15. Tel qu’il a été dit au point 13, le requérant ne se prévaut que d’une présence récente en France et d’une activité salariée ayant débuté le 8 avril 2023. Par ailleurs, il ne conteste pas être dépourvu d’attaches familiales en France et que toute sa famille réside au Congo où il a passé la plus grande partie de son existence. Dans ces conditions, c’est sans méconnaître les stipulations mentionnées au point 14 que le préfet a prononcé une obligation de quitter le territoire français à son encontre.
Sur l’injonction et l’astreinte :
16. Le présent jugement, qui rejette les conclusions tendant à l’annulation de l’arrêté attaqué, n’implique aucune mesure particulière d’exécution. Par suite, les conclusions susvisées ne peuvent être accueillies.
Sur les frais liés à l’instance :
17. Les dispositions de l’article L. 761-1 du code de justice administrative font obstacle à ce que la somme demandée par M. D au titre des frais exposés par lui et non compris dans les dépens soit mise à la charge de l’État qui n’a pas la qualité de partie perdante dans la présente instance.
D E C I D E :
Article 1er : La requête de M. D est rejetée.
Article 2 : Le présent jugement sera notifié à M. A E D et au préfet du Var.
Copie en sera adressée au ministre de l’intérieur.

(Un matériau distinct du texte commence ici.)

(* Let $([v_{ij}:v_{ji}])$ be common lines data for planes $P_1,\dots,P_N$, and let $i,j,k,m$ be distinct indices such that the triples $(i,j,k)$ and $(i,j,m)$ strictly satisfy the spherical triangle inequalities. Choose unit-norm representatives of all the pairs involved and set $$L_{ijk,ijm}=\big(v_{ki}\cdot v_{kj}-(v_{ij}\cdot v_{ik})(v_{ji}\cdot v_{jk})\big)\,\big|\det[v_{ij},v_{im}]\det[v_{ji},v_{jm}]\big|-\sigma\big(v_{mi}\cdot v_{mj}-(v_{ij}\cdot v_{im})(v_{ji}\cdot v_{jm})\big)\,\big|\det[v_{ij},v_{ik}]\det[v_{ji},v_{jk}]\big|,$$ where $\sigma=\operatorname{sign}\big(\det[v_{ij},v_{ik}]\det[v_{ij},v_{im}]\det[v_{ji},v_{jk}]\det[v_{ji},v_{jm}]\big)$. Suppose $L_{ijk,ijm}=0$. Then for any frames $F_i,F_j,F_k$ realizing the triple $(i,j,k)$ and any frames $G_i,G_j,G_m$ realizing the triple $(i,j,m)$, there exists a unique $A\in\mathrm O(3)$ with $AF_i=G_i$ and $AF_j=G_j$.
   Context: A frame is an ordered pair $(a,b)$ of orthonormal vectors in $\mathbb R^3$. Planes $P_1=\dots=P_N=\mathbb R^2$; a frame $F_i=(a_i,b_i)$ gives the embedding $\iota_i:P_i\to\mathbb R^3$, $\iota_i(x,y)=xa_i+yb_i$. $\mathrm O(3)$ is the group of all $3\times3$ orthogonal matrices, acting on frames by $A(a,b)=(Aa,Ab)$. Common lines data is a collection $([v_{ij}:v_{ji}])_{1\le i<j\le N}$ of elements of $\mathbb P(P_i\times P_j)$ (nonzero pairs $(v_{ij},v_{ji})\in\mathbb R^2\times\mathbb R^2$ up to nonzero scaling) with $\|v_{ij}\|^2=\|v_{ji}\|^2$; indices of a pair may be written in either order. Frames $F_i,F_j,F_k$ realize the triple $(i,j,k)$ if $\iota_i(v_{ij})=\iota_j(v_{ji})$, $\iota_i(v_{ik})=\iota_k(v_{ki})$, $\iota_j(v_{jk})=\iota_k(v_{kj})$. For a triple and representatives, $\alpha_{ijk}=\cos^{-1}\frac{v_{ij}\cdot v_{ik}}{\|v_{ij}\|\|v_{ik}\|}$, $\beta_{ijk}=\cos^{-1}\frac{v_{ji}\cdot v_{jk}}{\|v_{ji}\|\|v_{jk}\|}$, $\gamma_{ijk}=\cos^{-1}\frac{v_{ki}\cdot v_{kj}}{\|v_{ki}\|\|v_{kj}\|}$; the triple strictly satisfies the spherical triangle inequalities if for any representatives $\beta+\gamma>\alpha$, $\alpha+\gamma>\beta$, $\alpha+\beta>\gamma$, $\alpha+\beta+\gamma<2\pi$. $\det[u,w]$ denotes the determinant of the $2\times2$ matrix with columns $u,w$. *)

theory Defs
  imports "HOL-Analysis.Analysis"
begin

text \<open>Planes P_i = R^2 are modelled by real^2; a frame is a pair of vectors in real^3.\<close>

type_synonym frame = "(real^3) \<times> (real^3)"

definition is_frame :: "frame \<Rightarrow> bool" where
  "is_frame F \<longleftrightarrow> norm (fst F) = 1 \<and> norm (snd F) = 1 \<and> fst F \<bullet> snd F = 0"
(* Let $<_t$ be a term order on $\binom{[n]}{2}$ such that $\{a,b\}<_t\{a',b'\}$ whenever $a+b<a'+b'$. Let $G$ be a graph on $[n]$ such that every $3$-subset of $[n]$ contains an edge of $G$. Then the exterior shifting $E(G)^{<_t}$ contains $B(n)=\{\{a,b\}:1\le a<b\le n,\ a+b\le n\}$.
   Context: Partial order on $k$-subsets of $[n]$: for $S=\{s_1<\dots<s_k\}$, $T=\{t_1<\dots<t_k\}$, $S\le T$ iff $s_i\le t_i$ for all $i$. A term order on $\binom{[n]}{k}$ is a linear order extending this partial order. Let $X=(x_{ij})$ be an $n\times n$ matrix of independent indeterminates over $\mathbb{Q}$ and $C_k(X)$ its $k$-th compound matrix (entries $c_{S,T}=\det(x_{ij})_{i\in S,j\in T}$ for $k$-subsets $S,T$). For $\mathcal F\subseteq\binom{[n]}{k}$, the exterior shifting $\mathcal F^{<_t}$ is obtained greedily: go through all $S\in\binom{[n]}{k}$ in increasing $<_t$ order and put $S$ into $\mathcal F^{<_t}$ iff the row of $C_k(X)$ indexed by $S$, restricted to the columns indexed by $\mathcal F$, is linearly independent (over $\mathbb{Q}(x_{ij})$) of the previously selected such rows. Thus $|\mathcal F^{<_t}|=|\mathcal F|$. *)

theory Defs
  imports Complex_Main "HOL-Library.Poly_Mapping" "HOL-Library.Product_Lexorder"
    "HOL-Computational_Algebra.Fraction_Field" "HOL-Combinatorics.Permutations"
begin

text \<open>Multivariate polynomials over the rationals in the variables x_(i,j),
  as finitely supported maps from monomials (exponent vectors) to coefficients.\<close>
type_synonym mpoly = "((nat \<times> nat) \<Rightarrow>\<^sub>0 nat) \<Rightarrow>\<^sub>0 rat"

type_synonym ratfun = "mpoly fract"

definition var :: "nat \<Rightarrow> nat \<Rightarrow> mpoly" where
  "var i j = Poly_Mapping.single (Poly_Mapping.single (i, j) 1) 1"

definition ksubsets :: "nat \<Rightarrow> nat \<Rightarrow> nat set set" where
  "ksubsets n k = {S. S \<subseteq> {1..n} \<and> card S = k}"

text \<open>i-th smallest element (0-based) of a finite set.\<close>
definition elem :: "nat set \<Rightarrow> nat \<Rightarrow> nat" where
  "elem S i = sorted_list_of_set S ! i"

definition gale_le :: "nat \<Rightarrow> nat set \<Rightarrow> nat set \<Rightarrow> bool" where
  "gale_le k S T \<longleftrightarrow> (\<forall>i<k. elem S i \<le> elem T i)"

definition term_order :: "nat \<Rightarrow> nat \<Rightarrow> (nat set \<times> nat set) set \<Rightarrow> bool" where
  "term_order n k r \<longleftrightarrow> linear_order_on (ksubsets n k) r \<and> r \<subseteq> ksubsets n k \<times> ksubsets n k \<and>
     (\<forall>S\<in>ksubsets n k. \<forall>T\<in>ksubsets n k. gale_le k S T \<longrightarrow> (S, T) \<in> r)"

text \<open>Entry c_{S,T} of the k-th compound matrix of X = (x_ij): the minor with
  rows S and columns T (Leibniz formula, rows/columns in increasing order).\<close>
definition compound :: "nat \<Rightarrow> nat set \<Rightarrow> nat set \<Rightarrow> ratfun" where
  "compound k S T = Fract (\<Sum>p | p permutes {..<k}.
      of_int (sign p) * (\<Prod>i<k. var (elem S i) (elem T (p i)))) 1"

definition rows_indep :: "nat \<Rightarrow> nat set set \<Rightarrow> nat set set \<Rightarrow> bool" where
  "rows_indep k F A \<longleftrightarrow> (\<forall>c :: nat set \<Rightarrow> ratfun.
     (\<forall>T\<in>F. (\<Sum>S\<in>A. c S * compound k S T) = 0) \<longrightarrow> (\<forall>S\<in>A. c S = 0))"

fun greedy :: "nat \<Rightarrow> nat set set \<Rightarrow> nat set list \<Rightarrow> nat set set \<Rightarrow> nat set set" where
  "greedy k F [] acc = acc"
| "greedy k F (S # Ss) acc =
     (if rows_indep k F (insert S acc) then greedy k F Ss (insert S acc) else greedy k F Ss acc)"

definition order_list :: "nat \<Rightarrow> nat \<Rightarrow> (nat set \<times> nat set) set \<Rightarrow> nat set list" where
  "order_list n k r = (THE xs. set xs = ksubsets n k \<and> distinct xs \<and>
      sorted_wrt (\<lambda>S T. (S, T) \<in> r) xs)"

definition ext_shift :: "nat \<Rightarrow> nat \<Rightarrow> (nat set \<times> nat set) set \<Rightarrow> nat set set \<Rightarrow> nat set set" where
  "ext_shift n k r F = greedy k F (order_list n k r) {}"

definition Bset :: "nat \<Rightarrow> nat set set" where
  "Bset n = {{a, b} | a b. 1 \<le> a \<and> a < b \<and> b \<le> n \<and> a + b \<le> n}"

end

theory Submission
  imports Defs "Jordan_Normal_Form.Determinant"
begin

Délibéré après l’audience du 28 février 2025 à laquelle siégeaient :
M. Sauton, président,
M. Quaglierini, premier conseiller,
Mme Martin, conseillère.
Rendu public par mise à disposition au greffe le 14 mars 2025.
Le rapporteur,
Signé
B. Quaglierini
Le président,
Signé
J.-F. Sauton
La greffière,
Signé
B. Ballestracci
La République mande et ordonne au préfet du Var en ce qui le concerne ou à tous commissaires de justice à ce requis en ce qui concerne les voies de droit commun contre les parties privées, de pourvoir à l’exécution de la présente décision.